RE: [PHP-DB] Easy array question...

[NIPP, SCOTT V (SBCSI)]

        GREAT.  This does the trick for me.  Thanks a lot.  I am now getting
the output I want, so I can now feel confident about inputting this into the
actual database.

-----Original Message-----
From: Katie Evans-Young [mailto:[EMAIL PROTECTED]
Sent: Wednesday, March 12, 2003 11:21 AM
To: NIPP, SCOTT V (SBCSI)
Subject: RE: [PHP-DB] Easy array question...


It's actually putting the whole of the array $other as the first element of
the array $other2. You're going to have to step through the array to copy
it.

foreach($other as $element) {
        $other2[] = $element;
} //end foreach

-----Original Message-----
From: NIPP, SCOTT V (SBCSI) [mailto:[EMAIL PROTECTED]
Sent: Wednesday, March 12, 2003 11:10 AM
To: '[EMAIL PROTECTED]'; 'Hutchins, Richard'; [EMAIL PROTECTED]
Subject: RE: [PHP-DB] Easy array question...


        Here is basically what I have and what I am getting...

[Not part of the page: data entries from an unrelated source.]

(* Let $G$ be a parallel-edge network with pairwise distinct lengths $l_1,\dots,l_m>0$, each $f_e$ a standard response function, and let $\mathbf{x}(t)$ solve $\dot x_e = x_e\left(f_e\!\left(\mathcal{E}/l_e\right)-1\right)$ ($e\in E$), $\mathcal{E}=\left(\sum_{e\in E}x_e/l_e\right)^{-1}$, with initial condition $\mathbf{x}(0)\in\mathbb{R}^E_{>0}$ (all coordinates strictly positive). Let $i^*$ be the edge of minimum length. Then, as $t\to\infty$, $\mathcal{E}(t)\to l_{i^*}$ and $\mathbf{x}(t)\to\boldsymbol{\chi}_{i^*}$, the $i^*$-th standard basis vector of $\mathbb{R}^E$.
   Context: A parallel-edge network is a multigraph with exactly two nodes $s_0,s_1$ and edge set $E=\{1,\dots,m\}$, each edge joining $s_0$ and $s_1$, with lengths $l_e>0$. A function $f:\mathbb{R}_{\ge0}\to\mathbb{R}_{\ge0}$ is a standard response function if $f(1)=1$, $f$ is strictly increasing on $\mathbb{R}_{>0}$, and $f$ is differentiable on $\mathbb{R}_{>0}$. (This system is the specialization to parallel-edge networks of the adaptation dynamics $\dot x_e = x_e(f_e(|q_e|/x_e)-1)$, where $\mathbf{q}$ is the unit-value minimum-energy $s_0$-$s_1$ flow with edge resistances $l_e/x_e$.) *)

theory Defs
  imports "HOL-Analysis.Analysis"
begin

definition standard_response :: "(real \<Rightarrow> real) \<Rightarrow> bool" where
  "standard_response f \<longleftrightarrow>
     (\<forall>y\<ge>0. f y \<ge> 0) \<and> f 1 = 1 \<and>
     strict_mono_on {0<..} f \<and>
     (\<forall>y>0. f differentiable (at y))"

definition energy :: "('e::finite \<Rightarrow> real) \<Rightarrow> ('e \<Rightarrow> real) \<Rightarrow> real" where
  "energy l x = inverse (\<Sum>e\<in>UNIV. x e / l e)"

end
lemma adjoint_class_vanishes_outside_cone:
  assumes "p \<in> adjoint_class T a_ex" "z \<in> {0<..<T} \<times> UNIV" "T - fst z \<le> \<bar>fst (snd z)\<bar>"
  shows "p z = 0"
proof -
  obtain t x1 x2 where z: "z = (t, (x1, x2))" by (metis prod.collapse)
  then have "x1 \<noteq> 0" "\<bar>sgn x1\<bar> = 1" using assms(2,3) by (auto simp: sgn_if)
  have "p (t, (sgn x1 * (t + \<bar>x1\<bar> - t), x2)) = p (T, (sgn x1 * (t + \<bar>x1\<bar> - T), x2))"
    using assms(1) \<open>\<bar>sgn x1\<bar> = 1\<close> assms(2,3) z
    by (intro a_ex_solution_const_on_characteristics) (auto simp: adjoint_class_def)
  then show ?thesis using assms(1) z by (simp add: adjoint_class_def mult_sgn_abs)
qed

lemma Ve_a_ex: "Ve T a_ex = cone T"
proof
  show "Ve T a_ex \<subseteq> cone T"
    unfolding Ve_def cone_def using adjoint_class_vanishes_outside_cone by force
  show "cone T \<subseteq> Ve T a_ex"
  proof
    fix z assume "z \<in> cone T"
    then have "tent T z \<noteq> 0" by (auto simp: cone_def tent_def pos_part_def)
    then show "z \<in> Ve T a_ex"
      unfolding Ve_def using tent_in_adjoint_class \<open>z \<in> cone T\<close> by (auto simp: cone_def)
  qed
qed

section \<open>The explicit flows\<close>

lemma XT_lam_eq:
  assumes "fst z \<le> T"
  shows "XT_lam T lam z = (pos_part (fst (snd z) - (T - fst z)) - pos_part (- fst (snd z) - (T - fst z)),
                           snd (snd z) + lam * tent T z)"
proof -
  have "pos_part (\<bar>x\<bar> - s) * sgn x = pos_part (x - s) - pos_part (- x - s)" if "0 \<le> s" for x s :: real
    using that by (auto simp: pos_part_def sgn_if)
  from this[of "T - fst z" "fst (snd z)"] show ?thesis
    using assms by (simp add: XT_lam_def tent_def)
qed

lemma lipschitz_XT_lam: "\<exists>C. C-lipschitz_on ({0..T} \<times> UNIV) (XT_lam T lam)"
proof -
  let ?S = "{0..T} \<times> (UNIV :: (real \<times> real) set)"
  let ?r = "\<lambda>z. pos_part (fst (snd z) - (T - fst z)) - pos_part (- fst (snd z) - (T - fst z))"
  let ?s = "\<lambda>z. snd (snd z) + lam * tent T z"
  have "(1 + (0 + 1) + (1 + (0 + 1)))-lipschitz_on ?S ?r"
    by (intro lipschitz_on_diff lipschitz_on_pos_part_compose lipschitz_on_minus
        lipschitz_on_constant lipschitz_on_coordinates)
  moreover have "(1 + \<bar>lam\<bar> * 2)-lipschitz_on ?S ?s"
    by (intro lipschitz_on_add lipschitz_on_cmult_real lipschitz_on_coordinates
        lipschitz_on_subset[OF lipschitz_tent]) simp
  ultimately have "(sqrt (4\<^sup>2 + (1 + \<bar>lam\<bar> * 2)\<^sup>2))-lipschitz_on ?S (\<lambda>z. (?r z, ?s z))"
    using lipschitz_on_Pair by fastforce
  moreover have "XT_lam T lam z = (?r z, ?s z)" if "z \<in> ?S" for z
    using that by (auto intro: XT_lam_eq)
  ultimately show ?thesis using lipschitz_on_transform by blast
qed

lemma XT_lam_derivative:
  assumes "z \<notin> singular_set T"
  obtains D where "(XT_lam T lam has_derivative D) (at z)"
    and "D (1, 0, 0) - sgn (fst (snd z)) *\<^sub>R D (0, 1, 0) = 0" and "spatial_jac D \<ge> 0"
  using assms
proof (cases rule: not_in_singular_setE)
  case (inner \<sigma>)
  define D where "D h = (0::real, snd (snd h) - lam * (fst h + \<sigma> * fst (snd h)))" for h :: "real \<times> (real \<times> real)"
  have der: "(XT_lam T lam has_derivative D) (at z)"
  proof (rule has_derivative_transform_within_open[OF _ open_inner_region inner(2)])
    show "((\<lambda>y. (0::real, snd (snd y) + lam * (T - fst y - \<sigma> * fst (snd y)))) has_derivative D) (at z)"
      unfolding D_def by (auto intro!: derivative_eq_intros simp: algebra_simps)
    show "(0::real, snd (snd y) + lam * (T - fst y - \<sigma> * fst (snd y))) = XT_lam T lam y"
      if "y \<in> inner_region T \<sigma>" for y
      using that sgn_abs_eq_if_unit_mult_pos[OF inner(1)] by (auto simp: inner_region_def XT_lam_def pos_part_def)
  qed
  have "sgn (fst (snd z)) = \<sigma>"
    using inner sgn_abs_eq_if_unit_mult_pos[OF inner(1)] by (simp add: inner_region_def)
  moreover have "D (0, 1, 0) = \<sigma> *\<^sub>R D (1, 0, 0)" by (simp add: D_def mult.commute)
  ultimately have "D (1, 0, 0) - sgn (fst (snd z)) *\<^sub>R D (0, 1, 0) = 0"
    using abs_eq_1_mult_self(1)[OF inner(1)] by simp
  moreover have "spatial_jac D = 0" by (simp add: D_def spatial_jac_def)
  ultimately show ?thesis using that[OF der] by simp
next
  case (outer \<sigma>)
  define D where "D h = (fst (snd h) + \<sigma> * fst h, snd (snd h))" for h :: "real \<times> (real \<times> real)"
  have "(XT_lam T lam has_derivative D) (at z)"
  proof (rule has_derivative_transform_within_open[OF _ open_outer_region outer(2)])
    show "((\<lambda>y. (fst (snd y) - \<sigma> * (T - fst y), snd (snd y))) has_derivative D) (at z)"
      unfolding D_def by (auto intro!: derivative_eq_intros simp: algebra_simps)
    show "(fst (snd y) - \<sigma> * (T - fst y), snd (snd y)) = XT_lam T lam y"
      if "y \<in> outer_region T \<sigma>" for y
      using that sgn_abs_eq_if_unit_mult_pos[OF outer(1)] abs_eq_1_mult_self[OF outer(1)]
      by (auto simp: outer_region_def XT_lam_def pos_part_def algebra_simps)
  qed
  moreover have "D (1, 0, 0) - sgn (fst (snd z)) *\<^sub>R D (0, 1, 0) = 0"
    using outer sgn_abs_eq_if_unit_mult_pos[OF outer(1)] by (auto simp: D_def outer_region_def)
  moreover have "spatial_jac D = 1" by (simp add: D_def spatial_jac_def)
  ultimately show ?thesis using that by simp
qed
lemma card_three_cycles_SEF:
  assumes "finite E" "asym E" "(u, v) \<in> E"
  shows "card (three_cycles (SEF u v E)) + card {w. (v, w) \<in> E \<and> (w, u) \<in> E}
       = card (three_cycles E) + card {w. (u, w) \<in> E \<and> (w, v) \<in> E}"
proof -
  let ?E' = "SEF u v E"
  have split: "card A = card {S \<in> A. P S} + card {S \<in> A. \<not> P S}" if "finite A" for A P
    using card_Int_Diff[OF that, of "Collect P"] by (simp add: Int_def set_diff_eq)
  have E': "asym ?E'" "(v, u) \<in> ?E'"
    using assms asym_SEF by (auto simp: SEF_def)
  have paths: "{w. (u, w) \<in> ?E' \<and> (w, v) \<in> ?E'} = {w. (u, w) \<in> E \<and> (w, v) \<in> E}"
    using assms by (auto simp: SEF_def dest: asymD)
  have "card (three_cycles ?E') =
      card {S \<in> three_cycles ?E'. v \<in> S \<and> u \<in> S} + card {S \<in> three_cycles ?E'. \<not> (v \<in> S \<and> u \<in> S)}"
    using assms(1) by (intro split finite_three_cycles) (simp add: SEF_def)
  also have "card {S \<in> three_cycles ?E'. v \<in> S \<and> u \<in> S} = card {w. (u, w) \<in> E \<and> (w, v) \<in> E}"
    using card_three_cycles_through_edge[OF E'] paths by simp
  also have "{S \<in> three_cycles ?E'. \<not> (v \<in> S \<and> u \<in> S)} = {S \<in> three_cycles E. \<not> (u \<in> S \<and> v \<in> S)}"
    unfolding three_cycles_def SEF_def by blast
  finally have "card (three_cycles ?E') =
      card {w. (u, w) \<in> E \<and> (w, v) \<in> E} + card {S \<in> three_cycles E. \<not> (u \<in> S \<and> v \<in> S)}" .
  moreover have "card (three_cycles E) =
      card {w. (v, w) \<in> E \<and> (w, u) \<in> E} + card {S \<in> three_cycles E. \<not> (u \<in> S \<and> v \<in> S)}"
    using split[OF finite_three_cycles[OF assms(1)], of "\<lambda>S. u \<in> S \<and> v \<in> S"]
      card_three_cycles_through_edge[OF assms(2,3)] by simp
  ultimately show ?thesis by simp
qed
theorem mainTheorem1:
  fixes M F :: "'a measure"
    and \<Phi> \<Psi> :: "'a \<Rightarrow> 'b::banach"
    and \<phi> :: "'a \<Rightarrow> real"
  assumes "finite_measure M"
    and "subalgebra M F"
    and "pettis_integrable M \<Phi>"
    and "is_pettis_cond_exp M F \<Phi> \<Psi>"
    and "\<phi> \<in> borel_measurable F"
    and "pettis_integrable M (\<lambda>\<omega>. \<phi> \<omega> *\<^sub>R \<Phi> \<omega>)"
  shows "is_pettis_cond_exp M F (\<lambda>\<omega>. \<phi> \<omega> *\<^sub>R \<Phi> \<omega>) (\<lambda>\<omega>. \<phi> \<omega> *\<^sub>R \<Psi> \<omega>)"
proof -
  interpret finite_measure_subalgebra M F
    using assms(1,2) by (simp add: finite_measure_subalgebra_def finite_measure_subalgebra_axioms_def)
  note functional = pettis_cond_exp_mult_functional[OF assms(3-6)]
  have weakly_F: "weakly_measurable F (\<lambda>\<omega>. \<phi> \<omega> *\<^sub>R \<Psi> \<omega>)"
    using weakly_measurable_scaleR assms(4,5) unfolding is_pettis_cond_exp_def by blast
  have "pettis_integrable M (\<lambda>\<omega>. \<phi> \<omega> *\<^sub>R \<Psi> \<omega>)"
    using functional
    by (intro pettis_integrable_of_restr_to_subalg pettis_integrable_restr_to_subalgI[OF assms(6) weakly_F])
  moreover have "pettis_integral M E (\<lambda>\<omega>. \<phi> \<omega> *\<^sub>R \<Phi> \<omega>) = pettis_integral M E (\<lambda>\<omega>. \<phi> \<omega> *\<^sub>R \<Psi> \<omega>)"
    if "E \<in> sets F" for E
    using functional(2) that by (intro pettis_integral_cong)
  ultimately show ?thesis
    unfolding is_pettis_cond_exp_def using weakly_F by blast
qed

end
lemma conv_assoc: "conv G (conv G a b) c = conv G a (conv G b c)"
proof (rule ext)
  fix x
  show "conv G (conv G a b) c x = conv G a (conv G b c) x"
  proof (cases "x \<in> carrier G")
    case False
    then show ?thesis
      by (simp add: conv_outside_carrier)
  next
    case True
    have "conv G (conv G a b) c x
        = (\<Sum>y\<in>carrier G. \<Sum>z\<in>carrier G. a z * b (inv z \<otimes> y) * c (inv y \<otimes> x))"
      using True by (simp add: conv_def sum_distrib_right)
    also have "\<dots> = (\<Sum>z\<in>carrier G. \<Sum>y\<in>carrier G. a z * b (inv z \<otimes> y) * c (inv y \<otimes> x))"
      by (rule sum.swap)
    also have "\<dots> = (\<Sum>z\<in>carrier G. \<Sum>w\<in>carrier G. a z * b w * c (inv w \<otimes> (inv z \<otimes> x)))"
    proof (rule sum.cong[OF refl])
      fix z assume z: "z \<in> carrier G"
      have cancel: "u \<otimes> z \<otimes> inv z \<otimes> x = u \<otimes> x" if "u \<in> carrier G" for u
        using z that True by (simp add: m_assoc)
      show "(\<Sum>y\<in>carrier G. a z * b (inv z \<otimes> y) * c (inv y \<otimes> x))
          = (\<Sum>w\<in>carrier G. a z * b w * c (inv w \<otimes> (inv z \<otimes> x)))"
        by (rule sum.reindex_bij_witness[of _ "\<lambda>w. z \<otimes> w" "\<lambda>y. inv z \<otimes> y"])
           (use z True in \<open>auto simp: m_assoc[symmetric] inv_mult_group cancel\<close>)
    qed
    also have "\<dots> = conv G a (conv G b c) x"
      using True by (simp add: conv_def sum_distrib_left mult.assoc)
    finally show ?thesis .
  qed
qed

lemma setmul_assoc: "setmul G (setmul G A B) C = setmul G A (setmul G B C)"
proof
  show "setmul G (setmul G A B) C \<subseteq> setmul G A (setmul G B C)"
  proof (rule setmul_subset[OF ksubspace_setmul])
    fix u c assume u: "u \<in> setmul G A B" and c: "c \<in> C"
    show "conv G u c \<in> setmul G A (setmul G B C)"
      by (rule conv_kspan_left[OF u[unfolded setmul_def] ksubspace_setmul])
         (use c in \<open>clarsimp simp: conv_assoc setmul_memI\<close>)
  qed
  show "setmul G A (setmul G B C) \<subseteq> setmul G (setmul G A B) C"
  proof (rule setmul_subset[OF ksubspace_setmul])
    fix a u assume a: "a \<in> A" and u: "u \<in> setmul G B C"
    show "conv G a u \<in> setmul G (setmul G A B) C"
      by (rule conv_kspan_right[OF u[unfolded setmul_def] ksubspace_setmul])
         (use a in \<open>clarsimp simp: conv_assoc[symmetric] setmul_memI\<close>)
  qed
qed
lemma pref_order_iff_card_better:
  fixes R :: "('a::finite \<times> 'a) set"
  assumes "pref_order R"
  shows "(a, b) \<in> R \<longleftrightarrow> card {c. (c, a) \<in> R \<and> (a, c) \<notin> R} \<le> card {c. (c, b) \<in> R \<and> (b, c) \<notin> R}"
proof -
  have refl: "(x, x) \<in> R" for x
    using assms by (simp add: pref_order_def refl_on_def)
  have trans: "(x, y) \<in> R \<Longrightarrow> (y, z) \<in> R \<Longrightarrow> (x, z) \<in> R" for x y z
    using assms by (simp add: pref_order_def) (meson transD)
  have total: "(x, y) \<in> R \<or> (y, x) \<in> R" for x y
    using assms refl unfolding pref_order_def total_on_def by (cases "x = y") auto
  show ?thesis
  proof
    assume "(a, b) \<in> R"
    then have "{c. (c, a) \<in> R \<and> (a, c) \<notin> R} \<subseteq> {c. (c, b) \<in> R \<and> (b, c) \<notin> R}"
      using trans by blast
    then show "card {c. (c, a) \<in> R \<and> (a, c) \<notin> R} \<le> card {c. (c, b) \<in> R \<and> (b, c) \<notin> R}"
      by (intro card_mono) auto
  next
    assume le: "card {c. (c, a) \<in> R \<and> (a, c) \<notin> R} \<le> card {c. (c, b) \<in> R \<and> (b, c) \<notin> R}"
    show "(a, b) \<in> R"
    proof (rule ccontr)
      assume "(a, b) \<notin> R"
      then have "insert b {c. (c, b) \<in> R \<and> (b, c) \<notin> R} \<subseteq> {c. (c, a) \<in> R \<and> (a, c) \<notin> R}"
        using total trans by blast
      then have "card (insert b {c. (c, b) \<in> R \<and> (b, c) \<notin> R}) \<le> card {c. (c, a) \<in> R \<and> (a, c) \<notin> R}"
        by (intro card_mono) auto
      then show False using le refl by simp
    qed
  qed
qed

lemma represents_level_sets_card_better:
  fixes R :: "('a::finite \<times> 'a) set"
  assumes "pref_order R"
  shows "represents R (level_sets (\<lambda>a. card {c. (c, a) \<in> R \<and> (a, c) \<notin> R}))"
  unfolding represents_iff weak_order_of_level_sets
proof (intro conjI set_eqI)
  fix p :: "'a \<times> 'a"
  obtain a b where p: "p = (a, b)" by (cases p)
  have "(a, b) \<in> R \<longleftrightarrow> (a, b) \<in> {(a, b). card {c. (c, a) \<in> R \<and> (a, c) \<notin> R} \<le> card {c. (c, b) \<in> R \<and> (b, c) \<notin> R}}"
    unfolding mem_Collect_eq case_prod_conv by (rule pref_order_iff_card_better[OF assms])
  then show "p \<in> R \<longleftrightarrow> p \<in> {(a, b). card {c. (c, a) \<in> R \<and> (a, c) \<notin> R} \<le> card {c. (c, b) \<in> R \<and> (b, c) \<notin> R}}"
    unfolding p .
qed (rule ordered_partition_level_sets)

lemma ordered_partition_split_iff:
  "ordered_partition (xs @ [A, B] @ ys) \<longleftrightarrow>
     ordered_partition (xs @ [A \<union> B] @ ys) \<and> A \<inter> B = {} \<and> A \<noteq> {} \<and> B \<noteq> {}"
proof -
  have "sorted_wrt disjnt (xs @ [A, B] @ ys) \<longleftrightarrow> sorted_wrt disjnt (xs @ [A \<union> B] @ ys) \<and> disjnt A B"
    by (auto simp: sorted_wrt_append disjnt_Un1 disjnt_Un2)
  moreover have "\<Union>(set (xs @ [A, B] @ ys)) = \<Union>(set (xs @ [A \<union> B] @ ys))" by auto
  ultimately show ?thesis
    by (auto simp: ordered_partition_def disjnt_def simp del: Union_Un_distrib)
qed

lemma separation_iff:
  "separation R R' Ms k A B \<longleftrightarrow>
     (\<exists>xs ys. Ms = xs @ [A \<union> B] @ ys \<and> length xs = k \<and> ordered_partition (xs @ [A, B] @ ys) \<and>
        R = weak_order_of Ms \<and> R' = weak_order_of (xs @ [A, B] @ ys))"
proof
  assume sep: "separation R R' Ms k A B"
  then have "Ms = take k Ms @ [A \<union> B] @ drop (Suc k) Ms" "length (take k Ms) = k"
    by (auto simp: separation_def id_take_nth_drop)
  with sep show "\<exists>xs ys. Ms = xs @ [A \<union> B] @ ys \<and> length xs = k \<and> ordered_partition (xs @ [A, B] @ ys) \<and>
      R = weak_order_of Ms \<and> R' = weak_order_of (xs @ [A, B] @ ys)"
    unfolding separation_def represents_iff by blast
next
  assume "\<exists>xs ys. Ms = xs @ [A \<union> B] @ ys \<and> length xs = k \<and> ordered_partition (xs @ [A, B] @ ys) \<and>
      R = weak_order_of Ms \<and> R' = weak_order_of (xs @ [A, B] @ ys)"
  then obtain xs ys where Ms: "Ms = xs @ [A \<union> B] @ ys" and k: "length xs = k"
    and part: "ordered_partition (xs @ [A, B] @ ys)"
    and R: "R = weak_order_of Ms" and R': "R' = weak_order_of (xs @ [A, B] @ ys)"
    by blast
  have "ordered_partition Ms" "A \<inter> B = {}" "A \<noteq> {}" "B \<noteq> {}"
    using part unfolding Ms ordered_partition_split_iff by blast+
  then show "separation R R' Ms k A B"
    using part pref_order_weak_order_of
    by (auto simp: separation_def represents_iff Ms R R' k[symmetric])
qed

lemma setprob_empty [simp]: "setprob x {} = 0"
  by (simp add: setprob_def)

lemma setprob_Un_disjoint:
  fixes x :: "'a::finite \<Rightarrow> real"
  shows "A \<inter> B = {} \<Longrightarrow> setprob x (A \<union> B) = setprob x A + setprob x B"
  by (simp add: setprob_def sum.union_disjoint)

        The section of code to copy and then process the copied array:

$other2 = array();
array_push($other2, $other);

foreach ($other2 as $test) {
        if ($test == "") {
                echo "NOTHING"."<br>";
        } else {
                echo $test."<br>";
        }
}

        Basically, what I want is if the array element is nothing, then
output as a test NOTHING.  If the array element has some value, then output
as a test that value.  Currently, from this code the output I am actually
getting is:

Array

        Thanks again.

-----Original Message-----
From: Jonathan Villa [mailto:[EMAIL PROTECTED]
Sent: Wednesday, March 12, 2003 10:58 AM
To: [EMAIL PROTECTED]; NIPP, SCOTT V (SBCSI); 'Hutchins, Richard';
[EMAIL PROTECTED]
Subject: RE: [PHP-DB] Easy array question...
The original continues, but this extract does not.